For each line of the data below, copy it if it holds the word "sumsq".

RECORDS FOR THE EXERCISE START

text \<open>The roots of \<open>q(x)\<close> are \<open>\<plusminus>\<surd>y\<^sub>i\<close> for the three roots \<open>y\<^sub>i\<close> of the cubic \<open>q(\<surd>y)\<close>.\<close>

lemma q_real_roots:
  assumes m: "m > 0"
  obtains \<theta>1 \<theta>2 \<theta>3 :: real
  where "0 < \<theta>1" "\<theta>1 < 1" "1 < \<theta>2" "\<theta>2 < \<theta>3"
    and "\<And>x. x \<in> {\<theta>1, \<theta>2, \<theta>3} \<Longrightarrow> poly (map_poly of_rat (q_poly m)) x = 0"
    and "\<theta>1\<^sup>2 + \<theta>2\<^sup>2 + \<theta>3\<^sup>2 = real m + 5" "\<theta>1 * \<theta>2 * \<theta>3 = 1"
proof -
  obtain y1 y2 y3 :: real where y: "0 < y1" "y1 < 1" "1 < y2" "y2 < 3" "3 < y3"
    and roots: "\<And>y. y \<in> {y1, y2, y3} \<Longrightarrow> y ^ 3 - (real m + 5) * y\<^sup>2 + (3 * real m + 5) * y - 1 = 0"
    using q_cubic_roots[OF m] by blast
  have "y ^ 3 + - (real m + 5) * y\<^sup>2 + (3 * real m + 5) * y + - 1 = 0" if "y \<in> {y1, y2, y3}" for y
    using roots[OF that] by (simp add: algebra_simps)
  from cubic_vieta[OF this] y have vieta: "y1 + y2 + y3 = real m + 5" "y1 * y2 * y3 = 1"
    by simp_all
  show ?thesis
  proof (rule that[of "sqrt y1" "sqrt y2" "sqrt y3"])
    show "0 < sqrt y1" "sqrt y1 < 1" "1 < sqrt y2" "sqrt y2 < sqrt y3"
      using y by simp_all
    show "(sqrt y1)\<^sup>2 + (sqrt y2)\<^sup>2 + (sqrt y3)\<^sup>2 = real m + 5" "sqrt y1 * sqrt y2 * sqrt y3 = 1"
      using y vieta by (simp_all flip: real_sqrt_mult)
    fix x
    assume "x \<in> {sqrt y1, sqrt y2, sqrt y3}"
    then have "x\<^sup>2 \<in> {y1, y2, y3}"
      using y by auto
    from roots[OF this] show "poly (map_poly of_rat (q_poly m)) x = 0"
      by (simp add: poly_q_poly flip: power_mult)
  qed
qed

lemma q_poly_sextic_multiple:
  fixes G :: "rat poly" and \<theta> :: "'a::field_char_0"
  assumes irr: "irreducible (q_poly m)" and q: "poly (map_poly of_rat (q_poly m)) \<theta> = 0"
    and G: "degree G \<le> 6" "poly (map_poly of_rat G) \<theta> = 0"
  shows "coeff G 6 + coeff G 0 = 0"
proof -
  have q6: "degree (q_poly m) = 6" "coeff (q_poly m) 6 = 1" "coeff (q_poly m) 0 = -1"
    unfolding q_poly_def by (simp_all add: eval_nat_numeral)
  obtain r where r: "G = q_poly m * r"
    using irreducible_dvd_of_common_root[OF irr q G(2)] by (elim dvdE)
  show ?thesis
  proof (cases "r = 0")
    case True
    then show ?thesis
      by (simp add: r)
  next
    case False
    moreover have "q_poly m \<noteq> 0"
      using q6 by auto
    ultimately have "degree G = 6 + degree r"
      using q6 by (simp add: r degree_mult_eq)
    then obtain c where "r = [:c:]"
      using G(1) by (metis add_le_same_cancel1 le_zero_eq degree_eq_zeroE)
    then show ?thesis
      using q6 by (simp add: r)
  qed
qed

lemma int_sum_square_products_eq_0:
  fixes l1 l2 l3 :: int
  assumes "(l1\<^sup>2 + l2\<^sup>2) * (l1\<^sup>2 + l3\<^sup>2) + (l2\<^sup>2 + l3\<^sup>2)\<^sup>2 = 0"
  shows "l1 = 0 \<and> l2 = 0 \<and> l3 = 0"
proof -
  have "(l1\<^sup>2 + l2\<^sup>2) * (l1\<^sup>2 + l3\<^sup>2) \<ge> 0"
    by simp
  with assms have "l2\<^sup>2 + l3\<^sup>2 = 0" "(l1\<^sup>2 + l2\<^sup>2) * (l1\<^sup>2 + l3\<^sup>2) = 0"
    by (smt (verit) zero_le_power2 power_eq_0_iff)+
  then show ?thesis
    by auto
qed

text \<open>Put \<open>u = N - l\<^sub>1\<theta>\<^sub>1 = l\<^sub>2\<theta>\<^sub>2 + l\<^sub>3\<theta>\<^sub>3\<close>. Using \<open>\<theta>\<^sub>1\<theta>\<^sub>2\<theta>\<^sub>3 = 1\<close> and the value of
  \<open>\<theta>\<^sub>2\<^sup>2 + \<theta>\<^sub>3\<^sup>2\<close>, the cubics \<open>W\<^sub>2 = \<theta>\<^sub>1 u\<^sup>2 - 2 l\<^sub>2 l\<^sub>3 - l\<^sub>2\<^sup>2 \<theta>\<^sub>1 (\<theta>\<^sub>2\<^sup>2 + \<theta>\<^sub>3\<^sup>2)\<close> and \<open>W\<^sub>3\<close> (with \<open>l\<^sub>3\<close>
  in place of \<open>l\<^sub>2\<close>) in \<open>\<theta>\<^sub>1\<close> equal \<open>\<theta>\<^sub>1\<theta>\<^sub>3\<^sup>2 (l\<^sub>3\<^sup>2 - l\<^sub>2\<^sup>2)\<close> and \<open>\<theta>\<^sub>1\<theta>\<^sub>2\<^sup>2 (l\<^sub>2\<^sup>2 - l\<^sub>3\<^sup>2)\<close>, so
  \<open>W\<^sub>2 W\<^sub>3 + (l\<^sub>2\<^sup>2 - l\<^sub>3\<^sup>2)\<^sup>2\<close> is a rational sextic vanishing at \<open>\<theta>\<^sub>1\<close>. As a multiple of \<open>q\<close> it has opposite
  leading and constant coefficients, i.e. \<open>(l\<^sub>1\<^sup>2 + l\<^sub>2\<^sup>2)(l\<^sub>1\<^sup>2 + l\<^sub>3\<^sup>2) + (l\<^sub>2\<^sup>2 + l\<^sub>3\<^sup>2)\<^sup>2 = 0\<close>.\<close>

lemma q_roots_int_independent:
  fixes \<theta>1 \<theta>2 \<theta>3 :: real and l1 l2 l3 N :: int
  assumes irr: "irreducible (q_poly m)" and q1: "poly (map_poly of_rat (q_poly m)) \<theta>1 = 0"
    and s23: "\<theta>2\<^sup>2 + \<theta>3\<^sup>2 = real m + 5 - \<theta>1\<^sup>2" and prod: "\<theta>1 * \<theta>2 * \<theta>3 = 1"
    and rel: "of_int l1 * \<theta>1 + of_int l2 * \<theta>2 + of_int l3 * \<theta>3 = of_int N"
  shows "l1 = 0 \<and> l2 = 0 \<and> l3 = 0"
proof -
  define W :: "int \<Rightarrow> rat poly" where
    "W l = [:of_int (-2 * l2 * l3), of_int (N\<^sup>2 - l\<^sup>2 * (int m + 5)), of_int (-2 * N * l1), of_int (l1\<^sup>2 + l\<^sup>2):]" for l
  define G where "G = W l2 * W l3 + [:of_int ((l2\<^sup>2 - l3\<^sup>2)\<^sup>2):]"
  have W_eval: "poly (map_poly of_rat (W l)) \<theta>1
      = \<theta>1 * (of_int N - of_int l1 * \<theta>1)\<^sup>2 - 2 * of_int l2 * of_int l3 - (of_int l)\<^sup>2 * \<theta>1 * (real m + 5 - \<theta>1\<^sup>2)" for l
    by (simp add: W_def map_poly_pCons of_rat_minus of_rat_mult of_rat_add of_rat_diff of_rat_of_int_eq
        algebra_simps power2_eq_square power3_eq_cube)
  have u: "of_int N - of_int l1 * \<theta>1 = of_int l2 * \<theta>2 + of_int l3 * \<theta>3"
    using rel by simp
  have W2: "poly (map_poly of_rat (W l2)) \<theta>1 = \<theta>1 * \<theta>3\<^sup>2 * ((of_int l3)\<^sup>2 - (of_int l2)\<^sup>2)"
    unfolding W_eval u s23[symmetric] using prod by (simp add: algebra_simps power2_eq_square)
  have W3: "poly (map_poly of_rat (W l3)) \<theta>1 = \<theta>1 * \<theta>2\<^sup>2 * ((of_int l2)\<^sup>2 - (of_int l3)\<^sup>2)"
    unfolding W_eval u s23[symmetric] using prod by (simp add: algebra_simps power2_eq_square)
  have "poly (map_poly of_rat G) \<theta>1 = - ((\<theta>1 * \<theta>2 * \<theta>3)\<^sup>2 - 1) * ((of_int l2)\<^sup>2 - (of_int l3)\<^sup>2)\<^sup>2"
    unfolding G_def map_poly_of_rat_add map_poly_of_rat_mult poly_add poly_mult W2 W3
    by (simp add: map_poly_pCons of_rat_mult of_rat_add of_rat_diff of_rat_of_int_eq algebra_simps power2_eq_square)
  then have "poly (map_poly of_rat G) \<theta>1 = 0"
    by (simp add: prod)
  moreover have "degree G \<le> 6"
  proof -
    have "degree (W l) \<le> 3" for l
      unfolding W_def by (rule degree_le) (simp add: coeff_pCons split: nat.split)
    then have "degree (W l2 * W l3) \<le> 6"
      by (metis order.trans[OF degree_mult_le] add_mono numeral_Bit0 numeral_Bit1 numeral_One)
    then show ?thesis
      unfolding G_def by (intro degree_add_le) simp_all
  qed
  ultimately have "coeff G 6 + coeff G 0 = 0"
    by (intro q_poly_sextic_multiple[OF irr q1])
  moreover have "coeff G 6 = of_int ((l1\<^sup>2 + l2\<^sup>2) * (l1\<^sup>2 + l3\<^sup>2))"
    by (simp add: G_def W_def coeff_mult eval_nat_numeral atMost_Suc)
  moreover have "coeff G 0 = of_int ((-2 * l2 * l3)\<^sup>2 + (l2\<^sup>2 - l3\<^sup>2)\<^sup>2)"
    by (simp add: G_def W_def power2_eq_square)
  ultimately have "(of_int ((l1\<^sup>2 + l2\<^sup>2) * (l1\<^sup>2 + l3\<^sup>2) + (l2\<^sup>2 + l3\<^sup>2)\<^sup>2) :: rat) = 0"
    by (simp add: algebra_simps power2_eq_square)
  then have "(l1\<^sup>2 + l2\<^sup>2) * (l1\<^sup>2 + l3\<^sup>2) + (l2\<^sup>2 + l3\<^sup>2)\<^sup>2 = 0"
    by (simp only: of_int_eq_0_iff)
  then show ?thesis
    by (rule int_sum_square_products_eq_0)
qed

lemma q_irreducible_kronecker_phases:
  assumes m: "m > 0" and irr: "irreducible (q_poly m)"
  obtains \<theta>1 \<theta>2 \<theta>3 :: real and \<tau> where "0 < \<theta>1" "\<theta>1 < 1" "1 < \<theta>2" "\<theta>2 < \<theta>3"
    and "\<And>x. x \<in> {\<theta>1, \<theta>2, \<theta>3} \<Longrightarrow> poly (map_poly of_rat (q_poly m)) x = 0"
    and "\<And>k. \<tau> k \<in> odd_pi_multiples"
    and "\<And>x. x \<in> {\<theta>1, \<theta>2, \<theta>3} \<Longrightarrow> (\<lambda>k. exp (\<i> * of_real (\<tau> k) * of_real x)) \<longlonglongrightarrow> 1"
proof -
  obtain \<theta>1 \<theta>2 \<theta>3 :: real where \<theta>: "0 < \<theta>1" "\<theta>1 < 1" "1 < \<theta>2" "\<theta>2 < \<theta>3"
    and roots: "\<And>x. x \<in> {\<theta>1, \<theta>2, \<theta>3} \<Longrightarrow> poly (map_poly of_rat (q_poly m)) x = 0"
    and sumsq: "\<theta>1\<^sup>2 + \<theta>2\<^sup>2 + \<theta>3\<^sup>2 = real m + 5" and prod: "\<theta>1 * \<theta>2 * \<theta>3 = 1"
    using q_real_roots[OF m] by blast
  define \<theta> :: "nat \<Rightarrow> real" where "\<theta> i = (if i = 0 then \<theta>1 else if i = 1 then \<theta>2 else \<theta>3)" for i
  have "\<forall>i<3. l i = 0" if "(\<Sum>i<3. of_int (l i) * \<theta> i) = of_int N" for l N
  proof -
    have "of_int (l 0) * \<theta>1 + of_int (l 1) * \<theta>2 + of_int (l 2) * \<theta>3 = of_int N"
      using that by (simp add: \<theta>_def eval_nat_numeral lessThan_Suc add_ac)
    then have "l 0 = 0 \<and> l 1 = 0 \<and> l 2 = 0"
      using roots sumsq prod by (intro q_roots_int_independent[OF irr]) auto
    then show ?thesis
      by (auto simp: eval_nat_numeral less_Suc_eq)
  qed
  then obtain \<tau> where \<tau>: "\<And>k. \<tau> k \<in> odd_pi_multiples"
    and lim: "\<And>i. i < 3 \<Longrightarrow> (\<lambda>k. exp (\<i> * of_real (\<tau> k) * of_real (\<theta> i))) \<longlonglongrightarrow> 1"
    using kronecker_odd_pi_multiples[where \<theta> = \<theta> and n = 3] by blast
  show ?thesis
    by (rule that[OF \<theta> roots \<tau>]) (use lim[of 0] lim[of 1] lim[of 2] in \<open>auto simp: \<theta>_def\<close>)
qed

lemma q_root_of_factor_root:
  assumes "q_poly m = - (f * g)" and "poly (map_poly of_rat f) \<theta> = 0"
  shows "q_root m \<theta>"
  using assms by (simp add: q_root_iff_poly map_poly_of_rat_mult map_poly_of_rat_uminus)

lemma square_plus_4_not_multiple_of_16:
  fixes w t :: int
  shows "w\<^sup>2 + 4 \<noteq> 16 * t"
proof
  assume w: "w\<^sup>2 + 4 = 16 * t"
  show False
  proof (cases "even w")
    case True
    then obtain z where "w = 2 * z"
      by (elim evenE)
    with w have z: "z\<^sup>2 + 1 = 4 * t"
      by (simp add: power2_eq_square)
    show False
    proof (cases "even z")
      case True
      then obtain y where "z = 2 * y"
        by (elim evenE)
      with z have "4 * (t - y\<^sup>2) = 1"
        by (simp add: power2_eq_square algebra_simps)
      then show False
        by presburger
    next
      case False
      then obtain y where "z = 2 * y + 1"
        by (elim oddE)
      with z have "4 * (t - y\<^sup>2 - y) = 2"
        by (simp add: power2_eq_square algebra_simps)
      then show False
        by presburger
    qed
  next
    case False
    then obtain z where "w = 2 * z + 1"
      by (elim oddE)
    with w have "16 * t - 4 * z\<^sup>2 - 4 * z = 5"
      by (simp add: power2_eq_square algebra_simps)
    then show False
      by presburger
  qed
qed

RECORDS FOR THE EXERCISE END

◆ ANSWER SECTION ◆
    and sumsq: "\<theta>1\<^sup>2 + \<theta>2\<^sup>2 + \<theta>3\<^sup>2 = real m + 5" and prod: "\<theta>1 * \<theta>2 * \<theta>3 = 1"
      using roots sumsq prod by (intro q_roots_int_independent[OF irr]) auto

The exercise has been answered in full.